Robert R. Ferguson, Public Defender, Lewistown, for appellant.

Timothy S. Searer, Asst. Dist. Atty., Lewistown, for Com., appellee.

Before CIRILLO, KELLY and CERCONE, JJ.

CIRILLO, Judge:

This is an appeal from a judgment of sentence entered in the Court of Common Pleas of Mifflin County. A motion to withdraw counsel is also before this court. We affirm the judgment of sentence, and deny the motion to withdraw counsel.

A jury convicted appellant Robert Blaine Blystone, Jr. of arson endangering persons and arson endangering property in violation of 18 Pa.C.S. §§ 3301(a)(1)(i) and 3301(c)(1). Following the denial of his post-trial motions, Blystone was sentenced to serve a term of imprisonment of not less than five years nor more than twenty years, and to pay a $500.00 fine. After the trial court denied his motion for reconsideration of sentence, Blystone filed a timely notice of appeal.

On February 14, 1990, at approximately 2:15 a.m., Blystone awakened the owners of a farm in Mifflin County to alert them that their milkhouse was on fire. The owners immediately telephoned the fire department while Blystone remained on the farm to assist in fighting the fire. Over the next several hours firefighters, police officers, and various others congregated on the premises. Some of these individuals were later called to testify against Blystone at his trial.

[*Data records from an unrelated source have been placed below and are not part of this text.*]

lemma neg_set_below_if_Des:
  assumes C: "admissible n N \<pi>" and N: "N \<subseteq> {1..n}" and k: "1 \<le> k" "k < n" "k \<notin> N" "k + 1 \<notin> N"
    and iD: "pos_of n N k \<in> Des_inv n \<pi>"
  shows "\<forall>j\<in>N. j < k" "pos_of n N k = int k"
proof -
  have fN: "finite N" using finite_subset[OF N] by simp
  have pv: "pos_of n N k = int (card (N \<union> {1..k}))" using pos_of_not_neg[OF N k(1) _ k(3)] k(2) by simp
  show a: "\<forall>j\<in>N. j < k"
  proof (rule ccontr)
    assume "\<not> (\<forall>j\<in>N. j < k)"
    then have ne: "N \<noteq> {}" by auto
    define M where "M = Max N"
    have MN: "M \<in> N" unfolding M_def using Max_in[OF fN ne] .
    have Mge: "\<forall>j\<in>N. j \<le> M" unfolding M_def using Max_ge[OF fN] by auto
    have kM: "k < M" using \<open>\<not> (\<forall>j\<in>N. j < k)\<close> Mge k(3) by (metis le_neq_implies_less linorder_not_less order_trans)
    have k1M: "k + 1 < M" using kM MN k(4) by (metis Suc_eq_plus1 Suc_lessI)
    have sub: "N \<union> {1..k} \<subseteq> {1..M} - {k+1}" using Mge N k(4) kM by auto
    have "card (N \<union> {1..k}) \<le> card ({1..M} - {k+1})" using card_mono[OF _ sub] by simp
    then have c1: "card (N \<union> {1..k}) \<le> M - 1" using k1M by simp
    have "{k, M} \<subseteq> N \<union> {1..k}" using MN k by auto
    then have "card {k, M} \<le> card (N \<union> {1..k})" using card_mono fN by (metis finite_UnI finite_atLeastAtMost)
    then have c2: "card (N \<union> {1..k}) \<ge> 2" using kM by simp
    have "pos_of n N k \<noteq> 1" using pv c2 by simp
    then have "int (first_valley n \<pi>) \<le> pos_of n N k" using first_valley_le_Des[OF iD] by simp
    moreover have "M \<le> first_valley n \<pi>" using C MN unfolding admissible_def by auto
    ultimately show False using pv c1 kM by linarith
  qed
  then have "N \<subseteq> {1..k}" using N by (meson atLeastAtMost_iff less_imp_le subset_iff)
  then have "N \<union> {1..k} = {1..k}" by blast
  then show "pos_of n N k = int k" using pv by simp
qed

lemma admissible_remove_1: "admissible n N \<pi> \<Longrightarrow> admissible n (N - {1}) \<pi>"
proof -
  assume C: "admissible n N \<pi>"
  have "card (N - {1}) \<le> card N" by (metis card_Diff1_le card.infinite diff_le_self empty_iff finite_Diff2)
  then show ?thesis using C unfolding admissible_def by auto
qed

lemma card_insert_Diff_swap: "finite N \<Longrightarrow> k \<notin> N \<Longrightarrow> j \<in> N \<Longrightarrow> card (insert k (N - {j})) = card N"
  by (simp add: card_insert_if card_Diff_singleton) (metis One_nat_def Suc_pred card_gt_0_iff empty_iff)

lemma admissible_swap_neg: "admissible n N \<pi> \<Longrightarrow> N \<subseteq> {1..n} \<Longrightarrow> 1 \<le> k \<Longrightarrow> k \<notin> N \<Longrightarrow> k + 1 \<in> N \<Longrightarrow> admissible n (insert k (N - {k+1})) \<pi>"
proof -
  assume C: "admissible n N \<pi>" and N: "N \<subseteq> {1..n}" and k: "1 \<le> k" "k \<notin> N" "k + 1 \<in> N"
  have fN: "finite N" using finite_subset[OF N] by simp
  have "card (insert k (N - {k+1})) = card N" using card_insert_Diff_swap[OF fN k(2,3)] .
  moreover have "insert k (N - {k+1}) \<subseteq> {1..first_valley n \<pi>}" using C k unfolding admissible_def by auto
  ultimately show ?thesis using C unfolding admissible_def by auto
qed

lemma first_valley_gen_comp_ge:
  assumes ps: "\<pi> \<in> signed_perms n" and k: "1 \<le> k" "k < n"
    and d: "inv \<pi> (int k) > inv \<pi> (int k + 1)"
    and j: "j < k" "j \<le> first_valley n \<pi>"
  shows "j \<le> first_valley n (gen k \<circ> \<pi>)"
proof (rule first_valley_geI)
  show "j \<le> n" using j k by simp
  fix d
  assume dD: "d \<in> Des_inv n (gen k \<circ> \<pi>)" "d \<noteq> 1"
  show "int j \<le> d"
  proof (cases "d = int k - 1 \<or> d = int k \<or> d = int k + 1")
    case True
    have "d \<noteq> int k" using Des_inv_gen_comp_self[OF ps k d] dD by auto
    then show ?thesis using True j by auto
  next
    case False
    then have "d \<in> Des_inv n \<pi>" using Des_inv_gen_comp[OF ps k dD(1)] by auto
    then have "int (first_valley n \<pi>) \<le> d" using first_valley_le_Des dD(2) by blast
    then show ?thesis using j by linarith
  qed
qed

lemma admissible_gen_comp:
  assumes C: "admissible n N \<pi>" and N: "N \<subseteq> {1..n}" and ps: "\<pi> \<in> signed_perms n"
    and k: "1 \<le> k" "k < n" "(k \<in> N) = (k + 1 \<in> N)" and iD: "pos_of n N k \<in> Des_inv n \<pi>"
  shows "admissible n N (gen (nat (pos_of n N k)) \<circ> \<pi>)"
proof -
  have out: "k \<notin> N" "k + 1 \<notin> N" using pos_of_neg_not_Des[OF C N] iD k(3) by auto
  have below: "\<forall>j\<in>N. j < k" and pk: "pos_of n N k = int k" using neg_set_below_if_Des[OF C N k(1,2) out iD] by auto
  have nk: "nat (pos_of n N k) = k" using pk by simp
  have kD: "int k \<in> Des_inv n \<pi>" using iD pk by simp
  have d: "inv \<pi> (int k) > inv \<pi> (int k + 1)" using Des_inv_iff[OF ps k(1,2)] kD by simp
  have av: "avoids_321 n (inv (gen k \<circ> \<pi>))" unfolding inv_gen_comp[OF ps]
    using avoids_321_gen_comp[OF k(1,2) _ d] C unfolding admissible_def by simp
  have sub: "N \<subseteq> {1..first_valley n (gen k \<circ> \<pi>)}"
    using first_valley_gen_comp_ge[OF ps k(1,2) d] below C N unfolding admissible_def by fastforce
  have c: "1 \<in> Des_inv n (gen k \<circ> \<pi>) \<longrightarrow> card N \<le> 1"
  proof
    assume h: "1 \<in> Des_inv n (gen k \<circ> \<pi>)"
    show "card N \<le> 1"
    proof (cases "(1::int) = int k - 1 \<or> (1::int) = int k \<or> (1::int) = int k + 1")
      case True
      have "(1::int) \<noteq> int k" using Des_inv_gen_comp_self[OF ps k(1,2) d] h by auto
      then have "k = 2" using True k(1) by auto
      have "N \<subseteq> {1}"
      proof
        fix j assume jN: "j \<in> N"
        have "1 \<le> j" using subsetD[OF N jN] by simp
        moreover have "j < 2" using below jN \<open>k = 2\<close> by auto
        ultimately show "j \<in> {1}" by simp
      qed
      then show ?thesis using card_mono[of "{1}" N] by simp
    next
      case False
      then have "1 \<in> Des_inv n \<pi>" using Des_inv_gen_comp[OF ps k(1,2) h] by auto
      then show ?thesis using C unfolding admissible_def by auto
    qed
  qed
  show ?thesis using av sub c nk unfolding admissible_def by simp
qed

lemma admissible_elem_left_descent:
  assumes w: "w \<in> signed_perms n" and C: "admissible_elem n w" and a: "a < n" and d: "left_descent n a w"
  shows "admissible_elem n (gen a \<circ> w)"
proof -
  define N where "N = neg_set n w"
  have N: "N \<subseteq> {1..n}" unfolding N_def by (rule neg_set_subset)
  have Cw: "admissible n N (perm_part n w)" using C unfolding admissible_elem_def N_def .
  show ?thesis
  proof (cases "a = 0")
    case True
    have n1: "1 \<le> n" using a True by simp
    have "1 \<in> N" using left_descent_0_iff[OF w n1] d True unfolding N_def by simp
    then show ?thesis using gen_0_comp(1,2)[OF w n1] admissible_remove_1[OF Cw] True unfolding admissible_elem_def N_def by simp
  next
    case False
    then have k: "1 \<le> a" by simp
    show ?thesis
    proof (cases "(a \<in> N) = (a + 1 \<in> N)")
      case True
      have iD: "pos_of n N a \<in> Des_inv n (perm_part n w)" using left_descent_same_iff[OF w k a] True d unfolding N_def by simp
      show ?thesis using gen_comp_same(3,4)[OF w k a] True admissible_gen_comp[OF Cw N perm_part_signed_perms[OF w] k a True iD]
        unfolding admissible_elem_def N_def by simp
    next
      case False
      then have "a \<notin> N" "a + 1 \<in> N" using left_descent_mixed_iff[OF w k a] d unfolding N_def by auto
      then show ?thesis using gen_comp_mixed(1,2)[OF w k a] admissible_swap_neg[OF Cw N k] unfolding admissible_elem_def N_def by simp
    qed
  qed
qed

lemma left_descent_neg_pair:
  assumes w: "w \<in> signed_perms n" and C: "admissible_elem n w" and k: "1 \<le> k" "k < n" and kN: "k + 1 \<in> neg_set n w"
  shows "\<not> left_descent n k w \<or> k \<notin> neg_set n w"
proof -
  have Cw: "admissible n (neg_set n w) (perm_part n w)" using C unfolding admissible_elem_def .
  show ?thesis
  proof (cases "k \<in> neg_set n w")
    case True
    then have "pos_of n (neg_set n w) k \<notin> Des_inv n (perm_part n w)" using pos_of_neg_not_Des[OF Cw neg_set_subset True kN] by simp
    then show ?thesis using left_descent_same_iff[OF w k] True kN by simp
  next
    case False then show ?thesis by simp
  qed
qed

lemma left_descent_cases:
  assumes w: "w \<in> signed_perms n" and C: "admissible_elem n w" and k: "1 \<le> k" "k < n" and d: "left_descent n k w"
  shows "(k \<notin> neg_set n w \<and> k + 1 \<in> neg_set n w) \<or>
         (k \<notin> neg_set n w \<and> k + 1 \<notin> neg_set n w \<and> (\<forall>j\<in>neg_set n w. j < k) \<and> int k \<in> Des_inv n (perm_part n w))"
proof -
  have Cw: "admissible n (neg_set n w) (perm_part n w)" using C unfolding admissible_elem_def .
  show ?thesis
  proof (cases "(k \<in> neg_set n w) = (k + 1 \<in> neg_set n w)")
    case True
    have iD: "pos_of n (neg_set n w) k \<in> Des_inv n (perm_part n w)" using left_descent_same_iff[OF w k True] d by simp
    have out: "k \<notin> neg_set n w" "k + 1 \<notin> neg_set n w" using pos_of_neg_not_Des[OF Cw neg_set_subset] iD True by auto
    show ?thesis using neg_set_below_if_Des[OF Cw neg_set_subset k out iD] out iD by auto
  next
    case False
    then show ?thesis using left_descent_mixed_iff[OF w k False] d by auto
  qed
qed

lemma admissible_elem_no_adjacent_descents:
  assumes w: "w \<in> signed_perms n" and C: "admissible_elem n w" and a: "a + 1 < n" and d: "left_descent n a w" "left_descent n (a+1) w"
  shows False
proof (cases "a = 0")
  case True
  have n1: "1 \<le> n" using a by simp
  have "1 \<in> neg_set n w" using left_descent_0_iff[OF w n1] d(1) True by simp
  moreover have k: "1 \<le> (1::nat)" "1 < n" using a True by auto
  ultimately show False
  proof (cases "2 \<in> neg_set n w")
    case True
    then show False using left_descent_neg_pair[OF w C k] \<open>1 \<in> neg_set n w\<close> d(2) \<open>a = 0\<close> by (simp add: numeral_2_eq_2)
  next
    case False
    then show False using left_descent_mixed_iff[OF w k] \<open>1 \<in> neg_set n w\<close> d(2) \<open>a = 0\<close> by (simp add: numeral_2_eq_2)
  qed
next
  case False
  then have k: "1 \<le> a" "a < n" using a by auto
  have k1: "1 \<le> a + 1" "a + 1 < n" using a by auto
  have Cw: "admissible n (neg_set n w) (perm_part n w)" using C unfolding admissible_elem_def .
  from left_descent_cases[OF w C k d(1)] show False
  proof
    assume h: "a \<notin> neg_set n w \<and> a + 1 \<in> neg_set n w"
    from left_descent_cases[OF w C k1 d(2)] show False using h by auto
  next
    assume h: "a \<notin> neg_set n w \<and> a + 1 \<notin> neg_set n w \<and> (\<forall>j\<in>neg_set n w. j < a) \<and> int a \<in> Des_inv n (perm_part n w)"
    from left_descent_cases[OF w C k1 d(2)] have h2: "int (a + 1) \<in> Des_inv n (perm_part n w)" using h by auto
    have p: "perm_part n w \<in> signed_perms n" using perm_part_signed_perms[OF w] .
    have "inv (perm_part n w) (int a) > inv (perm_part n w) (int a + 1)" using Des_inv_iff[OF p k] h by simp
    moreover have "inv (perm_part n w) (int a + 1) > inv (perm_part n w) (int a + 2)" using Des_inv_iff[OF p k1] h2 by (simp add: add.commute)
    moreover have "avoids_321 n (inv (perm_part n w))" using Cw unfolding admissible_def by simp
    moreover have "1 \<le> int a" "int a + 2 \<le> int n" using k a by auto
    ultimately show False unfolding avoids_321_def
      apply (elim notE)
      apply (rule exI[of _ "int a"], rule exI[of _ "int a + 1"], rule exI[of _ "int a + 2"])
      by simp
  qed
qed

lemma avoids_321_if_descents:
  assumes desc_avoid: "\<And>k. 1 \<le> k \<Longrightarrow> k < n \<Longrightarrow> p (int k) > p (int k + 1) \<Longrightarrow> avoids_321 n (p \<circ> gen k)"
    and no_adjacent: "\<And>k. 1 \<le> k \<Longrightarrow> k + 1 < n \<Longrightarrow> p (int k) > p (int k + 1) \<Longrightarrow>
      p (int k + 1) > p (int k + 2) \<Longrightarrow> False"
  shows "avoids_321 n p"
proof (rule ccontr)
  assume "\<not> avoids_321 n p"
  then obtain a b c where abc: "1 \<le> a" "a < b" "b < c" "c \<le> int n" "p a > p b" "p b > p c"
    unfolding avoids_321_def by blast
  \<comment> \<open>Swapping at a descent that is not a step of the pattern keeps a 321 pattern.\<close>
  have pattern_step: "(x, y) = (int k, int k + 1)"
    if "(x, y) = (a, b) \<or> (x, y) = (b, c)" "1 \<le> k" "k < n" "x \<le> int k" "int k < y" "p (int k) > p (int k + 1)" for x y k
  proof (rule ccontr)
    assume "(x, y) \<noteq> (int k, int k + 1)"
    moreover have "(a, b) \<noteq> (int k, int k + 1) \<or> (b, c) \<noteq> (int k, int k + 1)" using abc by auto
    ultimately have "(a, b) \<noteq> (int k, int k + 1)" "(b, c) \<noteq> (int k, int k + 1)" using that abc by auto
    then show False using pattern_321_gen_comp[OF that(2,3) abc] desc_avoid[OF that(2,3,6)] by blast
  qed
  obtain i where i: "a \<le> i" "i < b" "p i > p (i + 1)" using descent_between[of a b n p] abc by auto
  obtain i' where i': "b \<le> i'" "i' < c" "p i' > p (i' + 1)" using descent_between[of b c n p] abc by auto
  have "(a, b) = (i, i + 1)" using pattern_step[of a b "nat i"] i abc by auto
  moreover have "(b, c) = (i', i' + 1)" using pattern_step[of b c "nat i'"] i' abc by auto
  ultimately have bc: "b = a + 1" "c = a + 2" by auto
  have "int (nat a + 1) < int n" using abc(1,4) bc(2) by simp
  then have "nat a + 1 < n" by linarith
  then show False using no_adjacent[of "nat a"] abc bc by (simp add: add.assoc Suc_le_eq)
qed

Blystone testified at trial that he was working at Domino's Pizza until 2:00 a.m., and therefore could not have had enough time to set the milkhouse on fire. 1 Blystone's version of events was contradicted, however, by the Derry Township police captain who testified that while stationed along the main highway he observed a car drive by with a Domino's pizza sign on its roof. The captain later identified the car as belonging to Blystone. According to the captain's testimony, he observed this car in the vicinity of the fire scene approximately forty-five minutes before the owners of the farm summoned the fire department.

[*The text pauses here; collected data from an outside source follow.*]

lemma captures_sat_eq:
  assumes "is_logic L" "captures L satM semM" "\<phi> \<in> FinFm L" "wf L \<psi>"
    and "fty L \<psi> = fty L \<phi>" "semM \<psi> = semM \<phi>"
  shows "satM \<psi> \<longleftrightarrow> satM \<phi>"
proof -
  have "fty L \<phi> \<in> Tys L" "\<phi> \<in> Fm L (fty L \<phi>) \<inter> FinFm L" "\<psi> \<in> Fm L (fty L \<phi>) \<inter> FinFm L"
    using assms fty_in_Tys by (auto simp: FinFm_iff Fm_def)
  then show ?thesis
    using assms(2,6) unfolding captures_def by blast
qed

lemma inductive_prop_F1_cong:
  assumes "inductive_prop L SEMM semM" "op \<in> Ops1 L"
    and "\<phi> \<in> FmS L (argTys L op 1)" "\<psi> \<in> FmS L (argTys L op 1)" "semM \<psi> = semM \<phi>"
  shows "semM (F1 op \<psi>) = semM (F1 op \<phi>)"
  using assms unfolding inductive_prop_def by metis

lemma inductive_prop_F2_cong:
  assumes "inductive_prop L SEMM semM" "op \<in> Ops2 L"
    and "\<phi>1 \<in> FmS L (argTys L op 1)" "\<psi>1 \<in> FmS L (argTys L op 1)" "semM \<psi>1 = semM \<phi>1"
    and "\<phi>2 \<in> FmS L (argTys L op 2)" "\<psi>2 \<in> FmS L (argTys L op 2)" "semM \<psi>2 = semM \<phi>2"
  shows "semM (F2 op \<psi>1 \<psi>2) = semM (F2 op \<phi>1 \<phi>2)"
  using assms unfolding inductive_prop_def by metis

definition profile ::
  "('t, 'o) logic \<Rightarrow> ('m \<Rightarrow> 'o fm \<Rightarrow> 's) \<Rightarrow> 'm set \<Rightarrow> 'o fm \<Rightarrow> 't \<times> ('m \<Rightarrow> 's)" where
  "profile L sem Q \<phi> = (fty L \<phi>, \<lambda>M\<in>Q. sem M \<phi>)"

definition profiles ::
  "('t, 'o) logic \<Rightarrow> ('m \<Rightarrow> 't \<Rightarrow> 's set) \<Rightarrow> 'm set \<Rightarrow> ('t \<times> ('m \<Rightarrow> 's)) set" where
  "profiles L SEM Q = (SIGMA \<tau>:Tys L. \<Pi>\<^sub>E M\<in>Q. SEM M \<tau>)"

lemma profile_eq_iff:
  "profile L sem Q \<psi> = profile L sem Q \<phi> \<longleftrightarrow>
     fty L \<psi> = fty L \<phi> \<and> (\<forall>M\<in>Q. sem M \<psi> = sem M \<phi>)"
  by (auto simp: profile_def restrict_def fun_eq_iff)

lemma LM_pair_finite_SEM: "LM_pair L SEMM semM \<Longrightarrow> \<tau> \<in> Tys L \<Longrightarrow> finite (SEMM \<tau>)"
  unfolding LM_pair_def SEMS_def by (meson UN_upper finite_subset)

lemma
  assumes "finite (Tys L)" "finite Q" "\<forall>M\<in>Q. LM_pair L (SEM M) (sem M)"
  shows finite_profiles: "finite (profiles L SEM Q)"
    and card_profiles: "card (profiles L SEM Q) = (\<Sum>\<tau>\<in>Tys L. \<Prod>M\<in>Q. card (SEM M \<tau>))"
proof -
  have "finite (SEM M \<tau>)" if "M \<in> Q" "\<tau> \<in> Tys L" for M \<tau>
    using LM_pair_finite_SEM[OF assms(3)[rule_format, OF that(1)] that(2)] .
  then have fin: "\<forall>\<tau>\<in>Tys L. finite (\<Pi>\<^sub>E M\<in>Q. SEM M \<tau>)"
    using assms(2) by (simp add: finite_PiE)
  then show "finite (profiles L SEM Q)"
    unfolding profiles_def using assms(1) by (intro finite_SigmaI) auto
  show "card (profiles L SEM Q) = (\<Sum>\<tau>\<in>Tys L. \<Prod>M\<in>Q. card (SEM M \<tau>))"
    unfolding profiles_def using assms(1,2) fin by (simp add: card_PiE)
qed

lemma profiles_of_wf:
  assumes "is_logic L" "\<forall>M\<in>Q. LM_pair L (SEM M) (sem M)"
  shows "profile L sem Q ` {\<phi>. wf L \<phi>} \<subseteq> profiles L SEM Q"
  using assms fty_in_Tys unfolding profiles_def profile_def LM_pair_def Fm_def by fastforce

definition fm_congruence :: "('t, 'o) logic \<Rightarrow> ('o fm \<Rightarrow> 'k) \<Rightarrow> bool" where
  "fm_congruence L key \<longleftrightarrow>
     (\<forall>op \<phi> \<psi>. wf L (F1 op \<phi>) \<longrightarrow> wf L \<psi> \<longrightarrow> key \<psi> = key \<phi> \<longrightarrow>
        wf L (F1 op \<psi>) \<and> key (F1 op \<psi>) = key (F1 op \<phi>)) \<and>
     (\<forall>op \<phi>1 \<phi>2 \<psi>1 \<psi>2. wf L (F2 op \<phi>1 \<phi>2) \<longrightarrow> wf L \<psi>1 \<longrightarrow> wf L \<psi>2 \<longrightarrow>
        key \<psi>1 = key \<phi>1 \<longrightarrow> key \<psi>2 = key \<phi>2 \<longrightarrow>
        wf L (F2 op \<psi>1 \<psi>2) \<and> key (F2 op \<psi>1 \<psi>2) = key (F2 op \<phi>1 \<phi>2))"

lemma fm_congruence_profile:
  assumes ind: "\<forall>M\<in>Q. inductive_prop L (SEM M) (sem M)"
  shows "fm_congruence L (profile L sem Q)"
  unfolding fm_congruence_def
proof (rule conjI; intro allI impI)
  fix op \<phi> \<psi>
  assume "wf L (F1 op \<phi>)" "wf L \<psi>" and eq: "profile L sem Q \<psi> = profile L sem Q \<phi>"
  then have op: "op \<in> Ops1 L" and args: "\<phi> \<in> FmS L (argTys L op 1)" "\<psi> \<in> FmS L (argTys L op 1)"
    by (auto simp: profile_eq_iff FmS_def Fm_def)
  have "sem M (F1 op \<psi>) = sem M (F1 op \<phi>)" if "M \<in> Q" for M
    using inductive_prop_F1_cong[OF ind[rule_format, OF that] op args] eq that
    by (simp add: profile_eq_iff)
  with \<open>wf L \<psi>\<close> op args
  show "wf L (F1 op \<psi>) \<and> profile L sem Q (F1 op \<psi>) = profile L sem Q (F1 op \<phi>)"
    by (auto simp: profile_eq_iff FmS_def Fm_def)
next
  fix op \<phi>1 \<phi>2 \<psi>1 \<psi>2
  assume "wf L (F2 op \<phi>1 \<phi>2)" "wf L \<psi>1" "wf L \<psi>2"
    and eq1: "profile L sem Q \<psi>1 = profile L sem Q \<phi>1"
    and eq2: "profile L sem Q \<psi>2 = profile L sem Q \<phi>2"
  then have op: "op \<in> Ops2 L"
    and args1: "\<phi>1 \<in> FmS L (argTys L op 1)" "\<psi>1 \<in> FmS L (argTys L op 1)"
    and args2: "\<phi>2 \<in> FmS L (argTys L op 2)" "\<psi>2 \<in> FmS L (argTys L op 2)"
    by (auto simp: profile_eq_iff FmS_def Fm_def)
  have "sem M (F2 op \<psi>1 \<psi>2) = sem M (F2 op \<phi>1 \<phi>2)" if "M \<in> Q" for M
    using inductive_prop_F2_cong[OF ind[rule_format, OF that] op args1 _ args2] eq1 eq2 that
    by (simp add: profile_eq_iff)
  with \<open>wf L \<psi>1\<close> \<open>wf L \<psi>2\<close> op args1 args2
  show "wf L (F2 op \<psi>1 \<psi>2) \<and> profile L sem Q (F2 op \<psi>1 \<psi>2) = profile L sem Q (F2 op \<phi>1 \<phi>2)"
    by (auto simp: profile_eq_iff FmS_def Fm_def)
qed

definition sub_closed_inj :: "('t, 'o) logic \<Rightarrow> ('o fm \<Rightarrow> 'k) \<Rightarrow> 'o fm set \<Rightarrow> bool" where
  "sub_closed_inj L key S \<longleftrightarrow> finite S \<and> (\<forall>s\<in>S. wf L s \<and> Sub s \<subseteq> S) \<and> inj_on key S"

lemma sub_closed_inj_card_le:
  assumes "sub_closed_inj L key S" "finite K" "key ` {\<phi>. wf L \<phi>} \<subseteq> K"
  shows "card S \<le> card K"
proof -
  have "inj_on key S" "key ` S \<subseteq> K"
    using assms(1,3) by (auto simp: sub_closed_inj_def)
  then show ?thesis
    using assms(2) by (rule card_inj_on_le)
qed

lemma sub_closed_inj_insert:
  assumes "sub_closed_inj L key S" "wf L t" "Sub t \<subseteq> insert t S" "key t \<notin> key ` S"
  shows "sub_closed_inj L key (insert t S)"
  using assms by (auto simp: sub_closed_inj_def)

On appeal Blystone raises two issues for our review:

1. Did the Commonwealth meet its burden of proof beyond a reasonable doubt at trial?

2. Did Appellant present sufficient evidence of alibi defense to create a reasonable doubt?

Initially, Blystone contends that the Commonwealth failed to prove beyond a reasonable doubt that he started the fire at the milkhouse and, therefore, his conviction is based solely on speculation. This argument lacks merit. In order to determine whether the evidence was sufficient to support a conviction, we must view the entire record in the light most favorable to the Commonwealth, as verdict winner, and drawing all reasonable inferences therefrom we must then establish if there is sufficient evidence to enable the trier of fact to find every element of the crime charged beyond a reasonable doubt. Commonwealth v. Edwards, 521 Pa. 134, 143, 555 A.2d 818, 823 (1989). This standard applies equally whether the evidence of guilt is direct, or circumstantial, as here, so long as the combination of the evidence links the defendant to the crime beyond a reasonable doubt. Commonwealth v. Hardcastle, 519 Pa. 236, 246, 546 A.2d 1101, 1105 (1988), cert. denied, 493 U.S. 1093, 110 S.Ct. 1169, 107 L.Ed.2d 1072 (1990).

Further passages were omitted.